# Gentoo firewall.

## Mr. Hahn

What is a good firewall program I can merge in gentoo? I will be running this system on a college lan and I'm just trying to be safe (I go to a rather Technically inclined institute , so their are plenty of people that know a lot more that me about programming and Unix). I'm just not sure how well the network is monitored for this sort of thing by the security people.

----------

## jeffrice

Try this one:  pretty secure as far as I know and easy to setup.

http://monmotha.mplug.org/firewall/index.php

----------

## ronmon

I use shorewall and like it a lot. It's in portage so you can emerge it. Configuring it by editing the config files is pretty easy, but you can also use webmin.

----------

## Mr. Hahn

forgot to mention, I am planning on running an ssh, apache, and possibly an ftp server (and maybe even samba too if I can get the server and not just the client part working). I just don't want these to make me too vulnerable. 

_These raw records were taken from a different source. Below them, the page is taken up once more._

(* Let $\mathbb{G}$ be a streaming graph, $W$ a time window and $Q$ a query graph. An incoming edge $\sigma$ arriving at time $t_i$ is not discardable if and only if, in the current snapshot $\mathbb{G}_i$, there exists at least one query edge $\epsilon\in E(Q)$ such that (1) the prerequisite subquery $Preq(\epsilon)$ has at least one time-constrained match $g$ (a subgraph of $\mathbb{G}_i$) containing $\sigma$, and (2) $\sigma$ is matched to $\epsilon$ in the match relation between $g$ and $Preq(\epsilon)$. Otherwise $\sigma$ is discardable.
   Context: A streaming graph $\mathbb{G}$ is a constantly growing sequence of directed edges $\sigma_1,\sigma_2,\dots$, each with two labelled endpoints and arriving at time $t_i$ (its timestamp), $t_i<t_j$ for $i<j$. With a time window of duration $|W|$, the snapshot at current time $t$ consists of the edges with timestamps in $(t-|W|,t]$ and their endpoints. A query graph is $Q=(V(Q),E(Q),L,\prec)$: vertices, directed edges, vertex labelling $L$, and a strict partial order $\prec$ on $E(Q)$. A subgraph $g$ of the snapshot is a time-constrained match of a query (or subquery with the restricted timing order) if there is a bijection $F$ from the query vertices to $V(g)$ preserving labels, with $\overrightarrow{uv}$ a query edge iff $\overrightarrow{F(u)F(v)}\in E(g)$, and such that $\epsilon\prec\epsilon'$ implies the data edge matched to $\epsilon$ has smaller timestamp than the data edge matched to $\epsilon'$. An incoming edge $\sigma$ is discardable if $\sigma$ cannot be included in any complete time-constrained match of $Q$, no matter what edges arrive in the future. For $\epsilon\in E(Q)$, $Preq(\epsilon)=\{\epsilon' : \epsilon'\prec\epsilon\}\cup\{\epsilon\}$, and the prerequisite subquery $Preq(\epsilon)$ is the subquery of $Q$ induced by these edges (with timing order $\prec$ restricted to them). *)

theory Defs
  imports Complex_Main
begin

type_synonym 'l dvert = "nat \<times> 'l"
type_synonym 'l dedge = "'l dvert \<times> 'l dvert \<times> real"

definition esrc :: "'l dedge \<Rightarrow> 'l dvert" where "esrc e = fst e"
definition edst :: "'l dedge \<Rightarrow> 'l dvert" where "edst e = fst (snd e)"
definition etime :: "'l dedge \<Rightarrow> real" where "etime e = snd (snd e)"
definition vlabel :: "'l dvert \<Rightarrow> 'l" where "vlabel v = snd v"

definition streaming_graph :: "(nat \<Rightarrow> 'l dedge) \<Rightarrow> bool" where
  "streaming_graph S \<longleftrightarrow> (\<forall>i. etime (S i) < etime (S (Suc i)))"

definition snapshot :: "(nat \<Rightarrow> 'l dedge) \<Rightarrow> real \<Rightarrow> nat \<Rightarrow> 'l dedge set" where
  "snapshot S W i = {S j | j. etime (S i) - W < etime (S j) \<and> etime (S j) \<le> etime (S i)}"

definition qverts :: "('q \<times> 'q) set \<Rightarrow> 'q set" where
  "qverts Es = fst ` Es \<union> snd ` Es"

definition strict_po_on :: "('q \<times> 'q) set \<Rightarrow> (('q \<times> 'q) \<Rightarrow> ('q \<times> 'q) \<Rightarrow> bool) \<Rightarrow> bool" where
  "strict_po_on E prec \<longleftrightarrow>
     (\<forall>e e'. prec e e' \<longrightarrow> e \<in> E \<and> e' \<in> E) \<and>
     (\<forall>e. \<not> prec e e) \<and>
     (\<forall>e1 e2 e3. prec e1 e2 \<longrightarrow> prec e2 e3 \<longrightarrow> prec e1 e3)"

(* F is the vertex bijection onto V(g), M e is the data edge matched to
   query edge e, and the matched subgraph is g = M ` Es. *)
definition tc_match :: "('q \<Rightarrow> 'l) \<Rightarrow> ('q \<times> 'q) set \<Rightarrow> (('q \<times> 'q) \<Rightarrow> ('q \<times> 'q) \<Rightarrow> bool)
     \<Rightarrow> 'l dedge set \<Rightarrow> ('q \<Rightarrow> 'l dvert) \<Rightarrow> (('q \<times> 'q) \<Rightarrow> 'l dedge) \<Rightarrow> bool" where
  "tc_match L Es prec G F M \<longleftrightarrow>
     inj_on F (qverts Es) \<and>
     (\<forall>u \<in> qverts Es. vlabel (F u) = L u) \<and>
     (\<forall>e \<in> Es. M e \<in> G \<and> esrc (M e) = F (fst e) \<and> edst (M e) = F (snd e)) \<and>
     (\<forall>e \<in> Es. \<forall>e' \<in> Es. prec e e' \<longrightarrow> etime (M e) < etime (M e'))"

definition Preq :: "(('q \<times> 'q) \<Rightarrow> ('q \<times> 'q) \<Rightarrow> bool) \<Rightarrow> ('q \<times> 'q) set \<Rightarrow> ('q \<times> 'q) \<Rightarrow> ('q \<times> 'q) set" where
  "Preq prec E e = {e' \<in> E. prec e' e} \<union> {e}"

definition discardable :: "('q \<Rightarrow> 'l) \<Rightarrow> ('q \<times> 'q) set \<Rightarrow> (('q \<times> 'q) \<Rightarrow> ('q \<times> 'q) \<Rightarrow> bool)
     \<Rightarrow> real \<Rightarrow> (nat \<Rightarrow> 'l dedge) \<Rightarrow> nat \<Rightarrow> bool" where
  "discardable L E prec W S i \<longleftrightarrow>
     (\<forall>S'. streaming_graph S' \<and> (\<forall>j \<le> i. S' j = S j) \<longrightarrow>
        (\<forall>k F M. tc_match L E prec (snapshot S' W k) F M \<longrightarrow> S i \<notin> M ` E))"

end

theory Submission
  imports Defs
begin

text \<open>
  If \<open>\<sigma>\<close> occurs as \<open>M \<epsilon>\<close> in a complete match, every edge matched to a predecessor of \<open>\<epsilon>\<close>
  is older than \<open>\<sigma>\<close>, hence was already present and inside the window at \<open>t\<^sub>i\<close>, so restricting
  the match to \<open>Preq(\<epsilon>)\<close> gives a match in the current snapshot. Conversely, since \<open>Preq(\<epsilon>)\<close>
  is downward closed, a match of it can be completed by a future in which the missing query
  edges arrive right after \<open>t\<^sub>i\<close>, on fresh vertices, in the order of a linear extension of
  \<open>\<prec>\<close>, and so densely that the oldest edge of the partial match is still in the window.
\<close>

lemma streaming_graph_etime_less_iff:
  assumes "streaming_graph S"
  shows "etime (S a) < etime (S b) \<longleftrightarrow> a < b"
proof -
  have "strict_mono (\<lambda>j. etime (S j))"
    using assms unfolding streaming_graph_def strict_mono_Suc_iff by simp
  then show ?thesis using strict_mono_less[of "\<lambda>j. etime (S j)" a b] by simp
qed

lemma snapshot_memI:
  assumes "streaming_graph S" and "j \<le> k" and "etime (S k) - W < etime (S j)"
  shows "S j \<in> snapshot S W k"
  using assms streaming_graph_etime_less_iff[OF assms(1), of k j] unfolding snapshot_def by force

lemma snapshot_etime:
  assumes "x \<in> snapshot S W k"
  shows "etime (S k) - W < etime x" and "etime x \<le> etime (S k)"
  using assms unfolding snapshot_def by blast+

lemma snapshot_memE:
  assumes "streaming_graph S" and "x \<in> snapshot S W k"
  obtains j where "j \<le> k" and "x = S j" and "etime (S k) - W < etime (S j)"
  using assms streaming_graph_etime_less_iff[OF assms(1), of k] unfolding snapshot_def
  by (force simp: not_less[symmetric])

definition continue_stream ::
    "(nat \<Rightarrow> 'l dedge) \<Rightarrow> nat \<Rightarrow> real \<Rightarrow> (nat \<Rightarrow> 'l dvert \<times> 'l dvert) \<Rightarrow> nat \<Rightarrow> 'l dedge" where
  "continue_stream S i \<delta> V j =
     (if j \<le> i then S j else (fst (V j), snd (V j), etime (S i) + real (j - i) * \<delta>))"

lemma continue_stream_prefix: "j \<le> i \<Longrightarrow> continue_stream S i \<delta> V j = S j"
  unfolding continue_stream_def by simp

lemma continue_stream_future:
  "i < j \<Longrightarrow> continue_stream S i \<delta> V j = (fst (V j), snd (V j), etime (S i) + real (j - i) * \<delta>)"
  unfolding continue_stream_def by simp

lemma streaming_graph_continue_stream:
  assumes "streaming_graph S" and "\<delta> > 0"
  shows "streaming_graph (continue_stream S i \<delta> V)"
  unfolding streaming_graph_def
proof
  fix j
  consider "j < i" | "j = i" | "i < j" by linarith
  then show "etime (continue_stream S i \<delta> V j) < etime (continue_stream S i \<delta> V (Suc j))"
  proof cases
    case 1
    then show ?thesis using assms(1) by (simp add: continue_stream_prefix streaming_graph_def)
  next
    case 2
    then show ?thesis using assms(2) by (simp add: continue_stream_def etime_def)
  next
    case 3
    then have "real (j - i) < real (Suc j - i)" by simp
    then show ?thesis using 3 assms(2) by (simp add: continue_stream_future etime_def)
  qed
qed

lemma streaming_graph_ex_continuation:
  fixes src dst :: "'e \<Rightarrow> 'l dvert"
  assumes "streaming_graph S" and "\<delta> > 0" and f: "inj_on f R"
  obtains S' where "streaming_graph S'" and "\<forall>j \<le> i. S' j = S j"
    and "\<And>e. e \<in> R \<Longrightarrow> S' (Suc i + f e) = (src e, dst e, etime (S i) + real (Suc (f e)) * \<delta>)"
    and "\<And>n. etime (S' (i + n)) = etime (S i) + real n * \<delta>"
proof -
  define V where "V j = (let e = inv_into R f (j - Suc i) in (src e, dst e))" for j
  define S' where "S' = continue_stream S i \<delta> V"
  have "S' (Suc i + f e) = (src e, dst e, etime (S i) + real (Suc (f e)) * \<delta>)" if "e \<in> R" for e
    using inv_into_f_f[OF f that] unfolding S'_def V_def continue_stream_def by simp
  moreover have "etime (S' (i + n)) = etime (S i) + real n * \<delta>" for n
    unfolding S'_def continue_stream_def etime_def by simp
  ultimately show ?thesis
    using that streaming_graph_continue_stream[OF assms(1,2)] continue_stream_prefix
    unfolding S'_def by blast
qed

lemma finite_qverts: "finite Es \<Longrightarrow> finite (qverts Es)"
  unfolding qverts_def by simp

lemma qverts_mono: "A \<subseteq> B \<Longrightarrow> qverts A \<subseteq> qverts B"
  unfolding qverts_def by auto

lemma Preq_subset: "e \<in> E \<Longrightarrow> Preq prec E e \<subseteq> E"
  unfolding Preq_def by auto

lemma mem_Preq_self: "e \<in> Preq prec E e"
  unfolding Preq_def by simp

lemma Preq_downward_closed:
  assumes "strict_po_on E prec" and "a \<in> E" and "b \<in> Preq prec E e" and "prec a b"
  shows "a \<in> Preq prec E e"
  using assms unfolding Preq_def strict_po_on_def by blast

lemma tc_match_subset:
  assumes "tc_match L Es prec G F M" and "Es' \<subseteq> Es" and "\<And>e. e \<in> Es' \<Longrightarrow> M e \<in> G'"
  shows "tc_match L Es' prec G' F M"
  using assms qverts_mono[OF assms(2)] inj_on_subset unfolding tc_match_def by blast

lemma tc_match_glue:
  assumes m: "tc_match L P prec G F M"
    and closed: "\<And>a b. a \<in> E \<Longrightarrow> b \<in> P \<Longrightarrow> prec a b \<Longrightarrow> a \<in> P"
    and inj: "inj_on F' (qverts E)" and agree: "\<And>u. u \<in> qverts P \<Longrightarrow> F' u = F u"
    and label: "\<And>u. u \<in> qverts E - qverts P \<Longrightarrow> vlabel (F' u) = L u"
    and old: "\<And>e. e \<in> P \<Longrightarrow> M e \<in> G'"
    and new: "\<And>e. e \<in> E - P \<Longrightarrow> N e \<in> G' \<and> esrc (N e) = F' (fst e) \<and> edst (N e) = F' (snd e)"
    and old_new: "\<And>a b. a \<in> P \<Longrightarrow> b \<in> E - P \<Longrightarrow> etime (M a) < etime (N b)"
    and new_new: "\<And>a b. a \<in> E - P \<Longrightarrow> b \<in> E - P \<Longrightarrow> prec a b \<Longrightarrow> etime (N a) < etime (N b)"
  shows "tc_match L E prec G' F' (\<lambda>e. if e \<in> P then M e else N e)"
proof -
  have m_label: "\<And>u. u \<in> qverts P \<Longrightarrow> vlabel (F u) = L u"
    and m_ends: "\<And>e. e \<in> P \<Longrightarrow> esrc (M e) = F (fst e) \<and> edst (M e) = F (snd e)"
    and m_order: "\<And>a b. a \<in> P \<Longrightarrow> b \<in> P \<Longrightarrow> prec a b \<Longrightarrow> etime (M a) < etime (M b)"
    using m unfolding tc_match_def by blast+
  have ends_P: "fst e \<in> qverts P" "snd e \<in> qverts P" if "e \<in> P" for e
    using that unfolding qverts_def by auto
  show ?thesis
    unfolding tc_match_def
  proof (intro conjI ballI impI)
    fix u assume "u \<in> qverts E"
    then show "vlabel (F' u) = L u" using label agree m_label by (cases "u \<in> qverts P") auto
  next
    fix a b assume "a \<in> E" "b \<in> E" "prec a b"
    then show "etime (if a \<in> P then M a else N a) < etime (if b \<in> P then M b else N b)"
      using closed[of a b] old_new[of a b] new_new[of a b] m_order[of a b]
      by (cases "a \<in> P"; cases "b \<in> P") simp_all
  next
    fix e assume "e \<in> E"
    then show "(if e \<in> P then M e else N e) \<in> G'" using old new by simp
  next
    fix e assume "e \<in> E"
    then show "esrc (if e \<in> P then M e else N e) = F' (fst e)"
      using new m_ends agree ends_P by simp
  next
    fix e assume "e \<in> E"
    then show "edst (if e \<in> P then M e else N e) = F' (snd e)"
      using new m_ends agree ends_P by simp
  qed (fact inj)
qed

Also just a quick question. I'm trying to figure out how to tunnel vnc through ssh, and I was wondering if it is too much slower than regular unencrpted vnc. that is all.

----------

## Mr. Hahn

oh yeah, this won't be a dedicated firewall, just my regular home pc. Just happens to make a dam good server too.

----------

## aljeux

After trying several solution, I choose firestarter, it has a very simple & nice GUI.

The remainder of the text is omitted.